Kerala State Bumper Lotteries
| Lottery | Draw Month | First Prize (INR) |
|---|---|---|
| Christmas/New Year Bumper | January | 20 Crore |
| Summer Bumper | March | 10 Crore |
| Vishu Bumper | May | 12 Crore |
| Monsoon Bumper | July | 10 Crore |
| Thiruvonam Bumper | September | 30 Crore |
| Pooja Bumper | November | 12 Crore |

== Publishing of results ==
Kerala lottery draws for each weekly lottery are conducted at 3.00 pm on the draw date. The lottery department publishes the lottery draw result on the official website of Kerala lotteries on the same day. The Kerala lottery results are also published in the Kerala Government Gazette. The prize winners would have to verify the winning numbers with the result published in the Gazette and surrender the lottery ticket within 30 days of the draw date.

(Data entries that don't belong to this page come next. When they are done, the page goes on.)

lemma frac_inv_Tfr_Y_Z: "frac_inv Tfr {to_fract Yvar, to_fract Zvar} \<subseteq> (Tfr :: 'k::field Tring fract set)"
proof
  fix x :: "'k Tring fract" assume "x \<in> frac_inv Tfr {to_fract Yvar, to_fract Zvar}"
  then obtain a b where ab: "x * to_fract Yvar = to_fract a" "x * to_fract Zvar = to_fract b"
    by (auto simp: frac_inv_def Tfr_def)
  have "to_fract (a * Zvar) = to_fract (b * Yvar)"
    by (simp flip: ab add: ac_simps)
  then have eq: "a * Zvar = b * Yvar" by (simp only: to_fract_eq_iff)
  define s where "s = Abs_fps (\<lambda>j. b $ (j + 1))"
  have "a = Yvar * s"
  proof (rule fps_ext)
    fix j
    have "(a * Zvar) $ (j + 1) = (b * Yvar) $ (j + 1)" using eq by simp
    then show "a $ j = (Yvar * s) $ j" by (simp add: Zvar_def Yvar_def s_def mult.commute)
  qed
  then have "x * to_fract Yvar = to_fract s * to_fract Yvar" using ab(1) by (simp add: ac_simps)
  then show "x \<in> Tfr" by simp
qed

lemma Mset_decomp:
  fixes f :: "'k::field Tring"
  assumes "const_term f = 0"
  obtains p q where "f = Yvar * p + Zvar * q"
proof
  define p where "p = fps_const (Abs_fps (\<lambda>n. f $ 0 $ (n + 1)))"
  define q where "q = Abs_fps (\<lambda>n. f $ (n + 1))"
  have "fps_X * Abs_fps (\<lambda>n. f $ 0 $ (n + 1)) = f $ 0"
    by (rule fps_ext) (use assms in simp)
  then have Yp: "Yvar * p = fps_const (f $ 0)"
    unfolding Yvar_def p_def by simp
  show "f = Yvar * p + Zvar * q"
    by (rule fps_ext) (simp add: Yp q_def Zvar_def)
qed

lemma const_term_nonzero_unit:
  fixes u :: "'k::field Tring"
  assumes "const_term u \<noteq> 0"
  obtains v where "u * v = 1" "const_term v = inverse (const_term u)"
proof
  define v0 where "v0 = fps_right_inverse (u $ 0) (inverse (const_term u))"
  have "u $ 0 * v0 = 1" unfolding v0_def using assms by (intro fps_right_inverse) simp
  then show "u * fps_right_inverse u v0 = 1" by (rule fps_right_inverse)
  show "const_term (fps_right_inverse u v0) = inverse (const_term u)"
    by (simp add: v0_def fps_lr_inverse_nth_0)
qed

lemma frac_inv_Rfr_Tfr: "frac_inv Rfr Tfr = (Mfr :: 'k::field Tring fract set)"
proof
  show "Mfr \<subseteq> frac_inv Rfr Tfr" unfolding frac_inv_def using Mfr_mult_Tfr Mfr_subset_Rfr by blast
  show "frac_inv Rfr Tfr \<subseteq> (Mfr :: 'k Tring fract set)"
  proof
    fix x :: "'k Tring fract" assume x: "x \<in> frac_inv Rfr Tfr"
    then have "x * 1 \<in> Rfr" unfolding frac_inv_def using is_subringD(2)[OF is_subring_Tfr] by blast
    then obtain f where f: "x = to_fract f" using Rfr_subset_Tfr by (auto simp: Tfr_def)
    have "const_term f = 0"
    proof (rule ccontr)
      assume nz: "const_term f \<noteq> 0"
      define n where "n = fls_subdegree (const_term f) + 1"
      have "to_fract (f * Xpow (- n)) \<in> Rfr" using x unfolding frac_inv_def f by simp
      then show False
        using fls_subdegree_mult_fls_X_intpow(2)[OF nz, of "- n"] by (simp add: n_def del: to_fract_mult)
    qed
    then show "x \<in> Mfr" using f by simp
  qed
qed

lemma to_fract_in_Xpow_Rfr:
  fixes u :: "'k::field Tring"
  assumes "const_term u = 0 \<or> a \<le> fls_subdegree (const_term u)"
  shows "to_fract u \<in> (*) (to_fract (Xpow a)) ` Rfr"
proof -
  have "u = Xpow a * (Xpow (- a) * u)" by (simp add: mult.assoc[symmetric] Xpow_add)
  moreover have "to_fract (Xpow (- a) * u) \<in> Rfr"
  proof (cases "const_term u = 0")
    case False
    then show ?thesis
      using assms fls_subdegree_mult_fls_X_intpow(1)[OF False, of "- a"] by (simp del: to_fract_mult)
  qed (simp del: to_fract_mult)
  ultimately show ?thesis by (metis image_eqI to_fract_mult)
qed

lemma Xpow_subdegree_in_Rfr_mult:
  fixes u :: "'k::field Tring"
  assumes "const_term u \<noteq> 0"
  obtains v where "to_fract v \<in> Rfr" "v * u = Xpow (fls_subdegree (const_term u))"
proof -
  obtain w where w: "u * w = 1" "const_term w = inverse (const_term u)"
    using const_term_nonzero_unit[OF assms] .
  define v where "v = Xpow (fls_subdegree (const_term u)) * w"
  have "to_fract v \<in> Rfr" using assms w(2) by (simp add: v_def del: to_fract_mult)
  moreover have "v * u = Xpow (fls_subdegree (const_term u))" using w(1) by (simp add: v_def ac_simps)
  ultimately show ?thesis using that by blast
qed

text \<open>The generator is \<open>X\<^sup>a\<close>, where \<open>a\<close> is the least of \<open>0\<close> and the \<open>X\<close>-orders of the
  constant terms of the generators.\<close>

lemma ideal_gen_principal_if_one_mem:
  fixes S :: "'k::field Tring fract set"
  assumes "finite S" "S \<subseteq> Tfr" "1 \<in> ideal_gen Rfr S"
  shows "\<exists>c. ideal_gen Rfr S = (*) c ` Rfr"
proof -
  obtain U where U: "finite U" "S = to_fract ` U"
    using finite_subset_image[OF assms(1), of to_fract UNIV] assms(2) unfolding Tfr_def by auto
  define D where "D = (\<lambda>u. fls_subdegree (const_term u)) ` {u \<in> U. const_term u \<noteq> 0}"
  define a where "a = Min (insert 0 D)"
  have "finite D" using U(1) by (simp add: D_def)
  then have a: "a \<le> 0" "\<And>d. d \<in> D \<Longrightarrow> a \<le> d" "a \<in> insert 0 D"
    unfolding a_def using Min_in[of "insert 0 D"] by simp_all
  have N: "is_submodule Rfr (ideal_gen Rfr S)" by (rule is_submodule_ideal_gen[OF is_subring_Rfr])
  have "to_fract u \<in> (*) (to_fract (Xpow a)) ` Rfr" if "u \<in> U" for u
    using that a(2) unfolding D_def by (intro to_fract_in_Xpow_Rfr) blast
  then have "S \<subseteq> (*) (to_fract (Xpow a)) ` Rfr" using U(2) by blast
  then have "ideal_gen Rfr S \<subseteq> (*) (to_fract (Xpow a)) ` Rfr"
    by (intro ideal_gen_subset is_submodule_scale is_submodule_self is_subring_Rfr)
  moreover have "to_fract (Xpow a) \<in> ideal_gen Rfr S"
    using a(3)
  proof
    assume "a = 0"
    then show ?thesis using assms(3) by simp
  next
    assume "a \<in> D"
    then obtain u where u: "u \<in> U" "const_term u \<noteq> 0" "a = fls_subdegree (const_term u)"
      by (auto simp: D_def)
    obtain v where v: "to_fract v \<in> Rfr" "v * u = Xpow a"
      using Xpow_subdegree_in_Rfr_mult[OF u(2)] unfolding u(3) .
    have "to_fract u \<in> ideal_gen Rfr S"
      using subset_ideal_gen[OF is_subring_Rfr assms(1)] U(2) u(1) by blast
    then have "to_fract v * to_fract u \<in> ideal_gen Rfr S" using N v(1) unfolding is_submodule_def by blast
    then show ?thesis unfolding v(2)[symmetric] to_fract_mult .
  qed
  then have "(*) (to_fract (Xpow a)) ` Rfr \<subseteq> ideal_gen Rfr S"
    using N unfolding is_submodule_def by (auto simp: mult.commute[of "to_fract (Xpow a)"])
  ultimately have "ideal_gen Rfr S = (*) (to_fract (Xpow a)) ` Rfr" by (rule subset_antisym)
  then show ?thesis ..
qed

lemma frac_inv_Tfr_subset_Rfr:
  fixes S :: "'k::field Tring fract set"
  assumes I: "I = ideal_gen Rfr S" "finite S" and np: "\<nexists>c. I = (*) c ` Rfr"
  shows "frac_inv Tfr I \<subseteq> frac_inv Rfr I"
proof (intro subsetI, unfold frac_inv_def[of Rfr], intro CollectI ballI)
  fix x i assume x: "x \<in> frac_inv Tfr I" and i: "i \<in> I"
  then obtain u where u: "x * i = to_fract u" unfolding frac_inv_def Tfr_def by blast
  show "x * i \<in> Rfr"
  proof (cases "const_term u = 0")
    case True
    then show ?thesis using u by simp
  next
    case False
    obtain v where v: "u * v = 1" using const_term_nonzero_unit[OF False] by blast
    define e where "e = x * to_fract v"
    have "e * i = to_fract (u * v)" by (simp add: e_def u[symmetric] ac_simps)
    then have ei: "e * i = 1" using v by simp
    then have "e \<noteq> 0" by auto
    have "S \<subseteq> I" using subset_ideal_gen[OF is_subring_Rfr I(2)] I(1) by simp
    have "(*) e ` S \<subseteq> Tfr"
    proof
      fix t assume "t \<in> (*) e ` S"
      then obtain s where "s \<in> S" "t = x * s * to_fract v" by (auto simp: e_def ac_simps)
      moreover have "x * s \<in> Tfr" using x \<open>s \<in> S\<close> \<open>S \<subseteq> I\<close> unfolding frac_inv_def by blast
      ultimately show "t \<in> Tfr" by (auto intro: is_subringD(4)[OF is_subring_Tfr])
    qed
    moreover have eI: "(*) e ` I = ideal_gen Rfr ((*) e ` S)"
      unfolding I(1) by (rule ideal_gen_scale[OF is_subring_Rfr I(2) \<open>e \<noteq> 0\<close>])
    moreover have "1 \<in> (*) e ` I" using ei i by (intro image_eqI[of _ _ i]) simp_all
    then have "1 \<in> ideal_gen Rfr ((*) e ` S)" by (simp only: eI)
    ultimately obtain c where c: "(*) e ` I = (*) c ` Rfr"
      using ideal_gen_principal_if_one_mem[of "(*) e ` S"] I(2) by auto
    have cancel: "e * (inverse e * c * r) = c * r" for r
      using \<open>e \<noteq> 0\<close> by (simp add: mult.assoc[symmetric])
    have "(*) e ` I = (*) e ` ((*) (inverse e * c) ` Rfr)" by (simp only: c image_image cancel)
    then have "I = (*) (inverse e * c) ` Rfr" using \<open>e \<noteq> 0\<close> by (rule image_mult_cancel)
    then show ?thesis using np by blast
  qed
qed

== Benefits of the lottery ==
There are several benefits connected to the Kerala State Lottery. The GST received from the sale of lottery tickets has helped support several welfare schemes in Kerala.

One of these is the Karunya scheme that provides financial support to citizens of the state that can not afford their medical bills. Since its inception it has helped more than 27,000 citizens. The scheme focuses primarily on providing financial assistance to the poor people of Kerala suffering from serious ailments like Cancer, Haemophilia, Kidney and Heart diseases and for Palliative Care. Hundreds of families come above the poverty line every year through the Kerala Lottery. Thousands of people wait to see the results every day at 3 pm with the hope that they will win the lottery.